Отставляю сироп, тянусь к пухлой щечке. Тону в зеленых-зеленых глазах. Сердце в клочья опять. Люблю ее так сильно, что умереть готова.

А еще думаю: он как ее узнал? По глазам? Свое в ней нашел или мое?

А хочет себе: свое вернуть или мое забрать?

Сафие тоже тянется. Трогает меня. Обводит губы. Брови. Я закрываю глаза – гладит по ресницам. Смеется, потому что они дрожат. Я распахиваю – опять смеется.

– Ты кр-р-расивая такая, анне… Ни у одной девочки такой красивой мамы нет.

От дочкиного признания у меня грудная клетка взрывается миллионом фейерверков. И дело не в том, что считает красивой. А в том, сколько восторга в глазах. Сколько доверия.

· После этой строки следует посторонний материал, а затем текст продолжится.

lemma born_free_no_flat_alternating_cycle:
  assumes cyc: "is_cycle N vs" and alt: "alternating (born_free_edges N) vs" and fl: "flat vs"
  shows False
proof -
  define n where "n = length vs"
  define r where "r j = edge_prime (cyc_edge vs j)" for j
  define P where "P = Max (r ` {..<n})"
  have "0 < n" using cyc unfolding is_cycle_def n_def by linarith
  then have "P \<in> r ` {..<n}" unfolding P_def by (intro Max_in) auto
  then obtain i0 where "i0 < n" "r i0 = P" by auto
  then obtain i where i: "i < n" "r i = P" "cyc_edge vs i \<notin> born_free_edges N"
    using flat_alternating_cycle_unmatched_edge[OF cyc fl alt] unfolding n_def r_def by metis
  then obtain q y where "prime q" "0 < y" "q * y \<le> N" and edge_i: "cyc_edge vs i = {y, q * y}"
    using cycle_edge[OF cyc] n_def by metis
  have "q = P" using i(2) edge_i by (simp add: r_def edge_prime_prime_mult \<open>prime q\<close> \<open>0 < y\<close>)
  have "(y, q * y) \<notin> born_free N" using i(3) edge_i born_free_pair_mem_edges by auto
  then obtain p x where blocker: "(x, p * x) \<in> born_free N" "prime p" "0 < x"
      "\<not> disjnt {x, p * x} {y, q * y}" "q < p \<or> p = q \<and> y < x"
    using born_free_blocked \<open>prime q\<close> \<open>0 < y\<close> \<open>q * y \<le> N\<close> by metis
  then obtain v where v: "v \<in> {x, p * x}" "v \<in> {y, q * y}" by (auto simp: disjnt_def)
  have "{x, p * x} \<in> born_free_edges N" using blocker(1) by (rule born_free_pair_mem_edges)
  moreover have "v \<in> set vs" using v(2) edge_i cyc_edge_subset i(1) n_def by blast
  ultimately obtain j where j: "j < n" "{x, p * x} = cyc_edge vs j"
    using alternating_matching_edge_at_cycle_vertex[OF born_free_is_matching alt _ v(1)] n_def
    by metis
  have "p = r j"
    unfolding r_def j(2)[symmetric] using blocker(2,3) by (rule edge_prime_prime_mult[symmetric])
  also have "r j \<le> P" unfolding P_def using j(1) by (intro Max_ge) auto
  finally have "p = q" "y < x" using blocker(5) \<open>q = P\<close> by auto
  have "y < q * y" "x < q * x" using \<open>prime q\<close> \<open>0 < x\<close> \<open>0 < y\<close> prime_gt_1_nat by simp_all
  then have "x = q * y" using v \<open>p = q\<close> \<open>y < x\<close> by auto
  have "q * (q * y) \<in> cyc_edge vs j" using j(2) \<open>p = q\<close> \<open>x = q * y\<close> by auto
  then have "q * (q * y) \<in> set vs" using cyc_edge_subset j(1) n_def by blast
  moreover have "y \<in> set vs" using edge_i cyc_edge_subset i(1) n_def by blast
  ultimately show False using flat_prime_square_mult_not_mem[OF fl \<open>prime q\<close> \<open>0 < y\<close>] by blast
qed

theorem theorem3:
  fixes N :: nat
  assumes "N \<ge> 1"
  shows "is_matching (G_edges N) (born_free_edges N) \<and>
         \<not> (\<exists>vs. is_cycle N vs \<and> alternating (born_free_edges N) vs \<and> flat vs)"
  using born_free_is_matching born_free_no_flat_alternating_cycle by blast

end
lemma Winf_attained_by_bij:
  fixes f g :: "'i \<Rightarrow> 'a::euclidean_space"
  assumes "finite A" "finite B" "card A = card B"
  obtains \<sigma> where "bij_betw \<sigma> A B"
    "\<And>i. i \<in> A \<Longrightarrow> infnorm (f i - g (\<sigma> i))
        \<le> Winf (image_mset f (mset_set A)) (image_mset g (mset_set B))"
proof -
  let ?S = "image_mset f (mset_set A)" and ?T = "image_mset g (mset_set B)"
  obtain xs ys where xs: "mset xs = ?S" "mset ys = ?T"
    and match: "\<And>k. k < length xs \<Longrightarrow> infnorm (xs!k - ys!k) \<le> Winf ?S ?T"
    using Winf_attained[of ?S ?T] by blast
  have "length xs = length ys"
    using xs assms(3) by (metis size_mset size_image_mset size_mset_set)
  from bij_betw_of_matched_lists[OF assms(1,2) this xs,
       where P = "\<lambda>u v. infnorm (u - v) \<le> Winf ?S ?T"]
  show ?thesis using match that by blast
qed

lemma Winf_attained_by_permutation:
  fixes f g :: "'i::finite \<Rightarrow> 'a::euclidean_space"
  obtains \<sigma> where
    "\<And>i. infnorm (f i - g (\<sigma> i)) \<le> Winf (image_mset f (mset_set UNIV)) (image_mset g (mset_set UNIV))"
proof -
  have "finite (UNIV::'i set)" "finite (UNIV::'i set)" "card (UNIV::'i set) = card (UNIV::'i set)"
    by simp_all
  then obtain \<sigma> where "bij_betw \<sigma> UNIV UNIV"
    "\<And>i. i \<in> UNIV \<Longrightarrow> infnorm (f i - g (\<sigma> i))
      \<le> Winf (image_mset f (mset_set UNIV)) (image_mset g (mset_set UNIV))"
    by (rule Winf_attained_by_bij[where f = f and g = g]) blast
  then show ?thesis using that by blast
qed

lemma dGplus_nonneg: "0 \<le> dGplus X Y"
  unfolding dGplus_def
  by (rule cINF_greatest) (auto intro: permutes_id mat_1_SO2 simp: sum_nonneg)

lemma dGplus_le:
  assumes "\<pi> permutes UNIV" "R \<in> SO2"
  shows "dGplus X Y \<le> norm (\<chi> j. X$j - R *v Y$(\<pi> j) + t)"
  unfolding dGplus_def norm_vec_eq_sqrt_sum[of "\<chi> j. X$j - R *v Y$(\<pi> j) + t"]
  by (rule cINF_lower2[where x = "(\<pi>, R, t)"])
    (auto intro!: bdd_belowI[of _ 0] sum_nonneg simp: assms)

lemma dGplus_greatest:
  assumes "\<And>\<pi> R t. \<pi> permutes UNIV \<Longrightarrow> R \<in> SO2 \<Longrightarrow> c \<le> norm (\<chi> j. X$j - R *v Y$(\<pi> j) + t)"
  shows "c \<le> dGplus X Y"
proof -
  have "c \<le> sqrt (\<Sum>j\<in>UNIV. (norm (X$j - R *v Y$(\<pi> j) + t))\<^sup>2)"
    if "\<pi> permutes UNIV" "R \<in> SO2" for \<pi> R t
    using assms[OF that, of t]
    unfolding norm_vec_eq_sqrt_sum[of "\<chi> j. X$j - R *v Y$(\<pi> j) + t"] by simp
  then show ?thesis
    unfolding dGplus_def by (intro cINF_greatest) (auto intro: permutes_id mat_1_SO2)
qed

Не стоило бы, но хватаю ее на руки и кручу. Подбросить не смогу – слабачка, но и так вызываю смех.

Крутимся, а потом, запыхавшись, тормозим. Я сажусь на высокий стул, Сафи снова тянется к моему лицу. Гладит по бровям, вискам, волосам.

– Я такой же буду потом? – Спрашивает с надеждой.

– Лучше, кызым.

– И замуж меня красивый бей возьмет? – Тема меня уже будоражит, пусть и понимаю, что когда еще это будет?

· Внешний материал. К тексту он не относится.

(* Let $\mathbb F$ be a field, $q\in\mathbb F$, $f,g\in\mathbb F[h]$. Then $\operatorname{GKdim}\mathcal H_q(f,g)=3$ if and only if $\deg f\le 1$. Moreover, if $\deg f>1$ then $\operatorname{GKdim}\mathcal H_q(f,g)\ge 4$.
   Context: $\mathcal H_q(f,g)$ denotes the unital associative $\mathbb F$-algebra generated by $x,y,h$ with relations $hx=xf(h)$, $yh=f(h)y$, $yx-qxy=g(h)$ (quantum generalized Heisenberg algebra). $\operatorname{GKdim}$ is Gelfand–Kirillov dimension. (Here $\deg f\le 1$ includes constant $f$.) *)

theory Defs
  imports "HOL-Computational_Algebra.Polynomial" "HOL-Library.Extended_Real"
begin

text \<open>Free associative algebra on the generators x, y, h over a field:
  elements are coefficient functions on words (finitely supported ones are the
  genuine elements; the generated ideal below only contains such functions).\<close>

datatype gen = X | Y | H

type_synonym 'a falg = "gen list \<Rightarrow> 'a"

definition fa_word :: "gen list \<Rightarrow> 'a::zero_neq_one falg" where
  "fa_word u = (\<lambda>w. if w = u then 1 else 0)"

definition fa_add :: "'a::comm_ring_1 falg \<Rightarrow> 'a falg \<Rightarrow> 'a falg" where
  "fa_add p r = (\<lambda>w. p w + r w)"

definition fa_sub :: "'a::comm_ring_1 falg \<Rightarrow> 'a falg \<Rightarrow> 'a falg" where
  "fa_sub p r = (\<lambda>w. p w - r w)"

definition fa_smult :: "'a::comm_ring_1 \<Rightarrow> 'a falg \<Rightarrow> 'a falg" where
  "fa_smult c p = (\<lambda>w. c * p w)"

definition fa_mult :: "'a::comm_ring_1 falg \<Rightarrow> 'a falg \<Rightarrow> 'a falg" where
  "fa_mult p r = (\<lambda>w. \<Sum>i\<le>length w. p (take i w) * r (drop i w))"

definition fa_poly_h :: "'a::comm_ring_1 poly \<Rightarrow> 'a falg" where
  "fa_poly_h p = (\<lambda>w. if w = replicate (length w) H then coeff p (length w) else 0)"

inductive_set ideal_gen :: "'a::comm_ring_1 falg set \<Rightarrow> 'a falg set" for R where
  rel: "r \<in> R \<Longrightarrow> r \<in> ideal_gen R"
| zero: "(\<lambda>_. 0) \<in> ideal_gen R"
| add: "a \<in> ideal_gen R \<Longrightarrow> b \<in> ideal_gen R \<Longrightarrow> fa_add a b \<in> ideal_gen R"
| smult: "a \<in> ideal_gen R \<Longrightarrow> fa_smult c a \<in> ideal_gen R"
| lmult: "a \<in> ideal_gen R \<Longrightarrow> fa_mult (fa_word u) a \<in> ideal_gen R"
| rmult: "a \<in> ideal_gen R \<Longrightarrow> fa_mult a (fa_word u) \<in> ideal_gen R"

– Самый красивый, кызым. Но нам не только красивый нужен. Нам достойный нужен. Верный. Честный. Смелый. – Каждый раз ей эти качества перечисляю, чтобы не ошиблась однажды, как я в Мите.

– Как мой бабасы был?

Я должна ответить дежурное: "как твой бабасы", но слова застревают в горле. Прокашливаюсь. Киваю просто. Увожу глаза в сторону. От собственного ребенка, господи…

– Да. Как твой бабасы.

Вздыхает.

– Жалко, что он в рай ушел…

Не выдерживаю. Вся моя ложь сходит лавиной на плечи.

У меня было достаточно времени, чтобы начать подводить Сафие к правде жизни, в которой ее мать – жалкая лгунья. Но я каждый раз трусила. И сейчас снова трушу. А через два часа у нас встреча с ее отцом.

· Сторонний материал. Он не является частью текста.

(* There exist constants $M>0$ and $k_0>0$ such that for all $k$ on the imaginary axis $k\in i\mathbb{R}$ with $|k|>k_0$, $$\Big|\frac{y(1;k)}{y'(1;k)}\Big|<M\qquad\text{and}\qquad \Big|\frac{j_0(k\tilde n_0)}{\partial_r j_0(k\tilde n_0 r)|_{r=1}}\Big|<M.$$
   Context: Let $\epsilon_0,\gamma_0>0$ be constants and $\epsilon_1,\gamma_1:[0,1]\to(0,\infty)$ twice differentiable; $k\in\mathbb{C}$. Put $\tilde n_0=(\epsilon_0+i\gamma_0/k)^{1/2}$ and $j_0(z)=\sin z/z$. Let $y(r;k)$ be the solution of $y''+k^2(\epsilon_1(r)+i\gamma_1(r)/k)y=0$ on $[0,1]$, $y(0)=0$, $y'(0)=1$, where prime denotes $d/dr$. *)

theory Defs
  imports "HOL-Analysis.Analysis"
begin

definition j0 :: "complex \<Rightarrow> complex" where
  "j0 z = sin z / z"

definition ntilde0 :: "real \<Rightarrow> real \<Rightarrow> complex \<Rightarrow> complex" where
  "ntilde0 eps0 gam0 k = csqrt (complex_of_real eps0 + \<i> * complex_of_real gam0 / k)"

end

theory Submission imports Defs begin

(*
  (1) The ODE y'' = -k^2 (eps1 + i gam1/k) y turns into y'' = q y with the REAL
      coefficient q = t^2 eps1 + t gam1, which is nonnegative once |t| dominates
      max gam1/eps1.  For y'' = q y with q >= 0, y(0) = 0, y'(0) = 1, an energy
      argument shows that Re (conj y * y') and then |y'| are nondecreasing, so
      |y(1)| <= max |y'| = |y'(1)| and y'(1) <> 0.
  (2) k * ntilde0 = i s with s = t sqrt(eps0 + gam0/t) real and |s| >= 2 for
      large |t|.  For c = i s one has j0(c) / (d/dr j0(c r))|_{r=1}
      = sin c / (c cos c - sin c) = sinh s / (s cosh s - sinh s), and
      |sinh s| < cosh s gives a bound by 1.
  The file first proves the ODE comparison (1), then the Bessel estimate (2),
  then specialises both to k = i t; the theorem follows with M = 2.
*)

section \<open>An energy estimate for y'' = q y with q \<ge> 0\<close>

lemma Re_mono_of_nonneg_deriv:
  fixes F F' :: "real \<Rightarrow> complex"
  assumes deriv: "\<forall>x\<in>{0..1}. (F has_vector_derivative F' x) (at x within {0..1})"
    and nonneg: "\<forall>x\<in>{0..1}. Re (F' x) \<ge> 0"
    and ab: "0 \<le> a" "a \<le> b" "b \<le> 1"
  shows "Re (F a) \<le> Re (F b)"
proof -
  have "(F' has_integral (F b - F a)) {a..b}"
  proof (rule fundamental_theorem_of_calculus[OF ab(2)])
    fix x assume "x \<in> {a..b}"
    with deriv ab have "(F has_vector_derivative F' x) (at x within {0..1})" by auto
    thus "(F has_vector_derivative F' x) (at x within {a..b})"
      by (rule has_vector_derivative_within_subset) (use ab in auto)
  qed
  from has_integral_linear[OF this bounded_linear_Re]
  have "((\<lambda>x. Re (F' x)) has_integral Re (F b - F a)) {a..b}" by (simp add: o_def)
  hence "0 \<le> Re (F b - F a)" by (rule has_integral_nonneg) (use nonneg ab in auto)
  thus ?thesis by simp
qed

text \<open>The quantity Re (conj u * u') has derivative q |u|^2 + |u'|^2 \<ge> 0 and vanishes
  at 0, hence stays nonnegative.\<close>
lemma energy_nonneg:
  fixes u v :: "real \<Rightarrow> complex" and q :: "real \<Rightarrow> real"
  assumes q: "\<forall>x\<in>{0..1}. q x \<ge> 0"
    and du: "\<forall>x\<in>{0..1}. (u has_vector_derivative v x) (at x within {0..1})"
    and dv: "\<forall>x\<in>{0..1}. (v has_vector_derivative (of_real (q x) * u x)) (at x within {0..1})"
    and u0: "u 0 = 0"
    and x: "x \<in> {0..1}"
  shows "Re (cnj (u x) * v x) \<ge> 0"
proof -
  have deriv: "\<forall>x\<in>{0..1}. ((\<lambda>x. cnj (u x) * v x) has_vector_derivative
      (cnj (u x) * (of_real (q x) * u x) + cnj (v x) * v x)) (at x within {0..1})"
    using du dv by (auto intro!: derivative_eq_intros)
  have nonneg: "\<forall>x\<in>{0..1}. Re (cnj (u x) * (of_real (q x) * u x) + cnj (v x) * v x) \<ge> 0"
  proof
    fix x :: real assume "x \<in> {0..1}"
    have "cnj (u x) * (of_real (q x) * u x) + cnj (v x) * v x
       = of_real (q x * (cmod (u x))\<^sup>2 + (cmod (v x))\<^sup>2)"
      using complex_norm_square[of "u x"] complex_norm_square[of "v x"]
      by (simp add: algebra_simps)
    with q \<open>x \<in> {0..1}\<close> show "Re (cnj (u x) * (of_real (q x) * u x) + cnj (v x) * v x) \<ge> 0"
      by simp
  qed
  have "Re (cnj (u 0) * v 0) \<le> Re (cnj (u x) * v x)"
    using Re_mono_of_nonneg_deriv[OF deriv nonneg] x by auto
  with u0 show ?thesis by simp
qed

text \<open>Consequently |u'|^2, whose derivative is 2 q Re (conj u * u'), is nondecreasing:
  |u'| attains its maximum over [0,1] at the right end point.\<close>
lemma deriv_norm_max_at_end:
  fixes u v :: "real \<Rightarrow> complex" and q :: "real \<Rightarrow> real"
  assumes q: "\<forall>x\<in>{0..1}. q x \<ge> 0"
    and du: "\<forall>x\<in>{0..1}. (u has_vector_derivative v x) (at x within {0..1})"
    and dv: "\<forall>x\<in>{0..1}. (v has_vector_derivative (of_real (q x) * u x)) (at x within {0..1})"
    and u0: "u 0 = 0"
    and x: "x \<in> {0..1}"
  shows "cmod (v x) \<le> cmod (v 1)"
proof -
  have deriv: "\<forall>x\<in>{0..1}. ((\<lambda>x. cnj (v x) * v x) has_vector_derivative
      (cnj (v x) * (of_real (q x) * u x) + cnj (of_real (q x) * u x) * v x)) (at x within {0..1})"
    using dv by (auto intro!: derivative_eq_intros)
  have nonneg: "\<forall>x\<in>{0..1}.
      Re (cnj (v x) * (of_real (q x) * u x) + cnj (of_real (q x) * u x) * v x) \<ge> 0"
  proof
    fix x :: real assume x: "x \<in> {0..1}"
    have "Re (cnj (v x) * (of_real (q x) * u x) + cnj (of_real (q x) * u x) * v x)
        = 2 * q x * Re (cnj (u x) * v x)"
      by (simp add: algebra_simps)
    with q x energy_nonneg[OF q du dv u0 x]
    show "Re (cnj (v x) * (of_real (q x) * u x) + cnj (of_real (q x) * u x) * v x) \<ge> 0"
      by simp
  qed
  have "Re (cnj (v x) * v x) \<le> Re (cnj (v 1) * v 1)"
    using Re_mono_of_nonneg_deriv[OF deriv nonneg] x by auto
  hence "(cmod (v x))\<^sup>2 \<le> (cmod (v 1))\<^sup>2"
    by (metis Re_complex_of_real complex_norm_square mult.commute)
  thus ?thesis by (simp add: power2_le_iff_abs_le)
qed

text \<open>Comparison of Dirichlet and Neumann data at r = 1 for y'' = q y, q \<ge> 0,
  y(0) = 0, y'(0) = 1: the Neumann value does not vanish and dominates the
  Dirichlet value, since |y(1)| \<le> \<integral>|y'| \<le> |y'(1)|.\<close>
lemma dirichlet_le_neumann:
  fixes u v :: "real \<Rightarrow> complex" and q :: "real \<Rightarrow> real"
  assumes q: "\<forall>x\<in>{0..1}. q x \<ge> 0"
    and du: "\<forall>x\<in>{0..1}. (u has_vector_derivative v x) (at x within {0..1})"
    and dv: "\<forall>x\<in>{0..1}. (v has_vector_derivative (of_real (q x) * u x)) (at x within {0..1})"
    and u0: "u 0 = 0" and v0: "v 0 = 1"
  shows "v 1 \<noteq> 0" and "cmod (u 1) \<le> cmod (v 1)"
proof -
  have vmax: "\<And>x. x \<in> {0..1} \<Longrightarrow> cmod (v x) \<le> cmod (v 1)"
    using deriv_norm_max_at_end[OF q du dv u0] by blast
  from vmax[of 0] v0 show "v 1 \<noteq> 0" by auto
  have "(v has_integral (u 1 - u 0)) {0..1}"
    using du by (intro fundamental_theorem_of_calculus) auto
  with vmax have "cmod (u 1 - u 0) \<le> cmod (v 1)"
    using has_integral_bound[of "cmod (v 1)" v _ 0 1] by auto
  with u0 show "cmod (u 1) \<le> cmod (v 1)" by simp
qed

section \<open>The spherical Bessel function j0 on the imaginary axis\<close>

lemma j0_radial_derivative:
  fixes c :: complex assumes c: "c \<noteq> 0"
  shows "((\<lambda>r::real. j0 (c * of_real r)) has_vector_derivative ((c * cos c - sin c) / c)) (at 1)"
proof -
  have inner: "((\<lambda>r::real. c * of_real r) has_vector_derivative c) (at 1)"
    by (auto intro!: derivative_eq_intros)
  have outer: "(j0 has_field_derivative ((cos c * c - sin c) / c\<^sup>2)) (at ((\<lambda>r::real. c * of_real r) 1))"
    unfolding j0_def using c
    by (auto intro!: derivative_eq_intros simp: field_simps power2_eq_square)
  have "c * ((cos c * c - sin c) / c\<^sup>2) = (c * cos c - sin c) / c"
    using c by (simp add: field_simps power2_eq_square)
  with field_vector_diff_chain_at[OF inner outer] show ?thesis by (simp add: o_def)
qed

lemma j0_ratio_closed_form:
  fixes c :: complex assumes c: "c \<noteq> 0"
  shows "j0 c / vector_derivative (\<lambda>r::real. j0 (c * of_real r)) (at 1)
       = sin c / (c * cos c - sin c)"
  using vector_derivative_at[OF j0_radial_derivative[OF c]] c
  by (cases "c * cos c - sin c = 0") (simp_all add: j0_def field_simps)

text \<open>Real core of the Bessel estimate: since |sinh s| < cosh s,
  |s cosh s - sinh s| \<ge> 2 cosh s - |sinh s| > |sinh s| for |s| \<ge> 2.\<close>
lemma abs_sinh_lt_s_cosh_minus_sinh:
  fixes s :: real assumes s: "\<bar>s\<bar> \<ge> 2"
  shows "\<bar>sinh s\<bar> < \<bar>s * cosh s - sinh s\<bar>"
proof -
  have sinh_lt: "\<bar>sinh s\<bar> < cosh s"
    using sinh_less_cosh_real[of s] sinh_less_cosh_real[of "-s"] by auto
  have "2 * cosh s \<le> \<bar>s\<bar> * cosh s"
    using s by (intro mult_right_mono) (auto simp: less_imp_le)
  also have "\<dots> = \<bar>s * cosh s\<bar>" by (simp add: abs_mult)
  also have "\<dots> \<le> \<bar>s * cosh s - sinh s\<bar> + \<bar>sinh s\<bar>" by linarith
  finally show ?thesis using sinh_lt by linarith
qed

И что я скажу? Как я объясню? Он же поймет, что я даже на это не сподобилась…

– Ханым, беги играй… Дай мне еще пятнадцать минут, хорошо? Янтыки доделаю и позову.

Опускаю дочку на пол. Она еще слишком маленькая, не понимает, что я трусливо прервала важный для нее разговор.

– Хорошо, анне. У меня там тигра заболела. Гр-р-радустник нужно поставить.

– Беги ставь, – хлопаю дочку по попе, подгоняя, она прыткой лошадкой несется обратно к своему звериному лазарету.

А я выравниваюсь. Долго смотрю в стену, не видя ее.

Переживаю, кажется, сразу несколько крахов и взлетов на вершину. Сегодняшняя встреча может пройти идеально, а может обернуться ужасным провалом. Я так его боюсь...

Я так всего боюсь...

Я не была такой трусливой в свои двадцать. Но теперь-то я знаю, как дорого могут стоить поступки.

Чувствую в теле слабость. В душе тоже.

Знаю, что малодушничаю, но на это смелости мне хватает.

Резко разворачиваюсь, снова беру мобильный. От Айдара пришло сообщение: "мы не договорились о месте".

Да, родной. Не договорились. И не договоримся, кажется. Я слишком тебя боюсь.

"Я померила Сафи температуру, Айдар. Высокая. Давай перенесем?"

Отправляю и жмурюсь. Знаю, что другого ответа, кроме как "давай" просто не существует.

Отложенная на пять лет встреча с моей легкой руки откладывается еще хотя бы на несколько дней.

***

Подарившая короткое облегчение отложенная неизбежность быстро будит во мне стыд.

Смотрю, как совершенно здоровая Сафи с аппетитом уплетает свои янтыки, и сердце кровью обливается.

Я знаю, что в любой момент могу позвонить Салманову и сказать, что дочке полегчало, встречу все же можно провести, но не делаю этого.

Что сам приедет не боюсь. Пусть он мне и не доверяет, но чтобы заподозрить такую трусость и низость – нужно быть способным на нее, а Айдар…

Он так не сделал бы. И не поймет. Он вообще меня не понимает. Правда и не должен.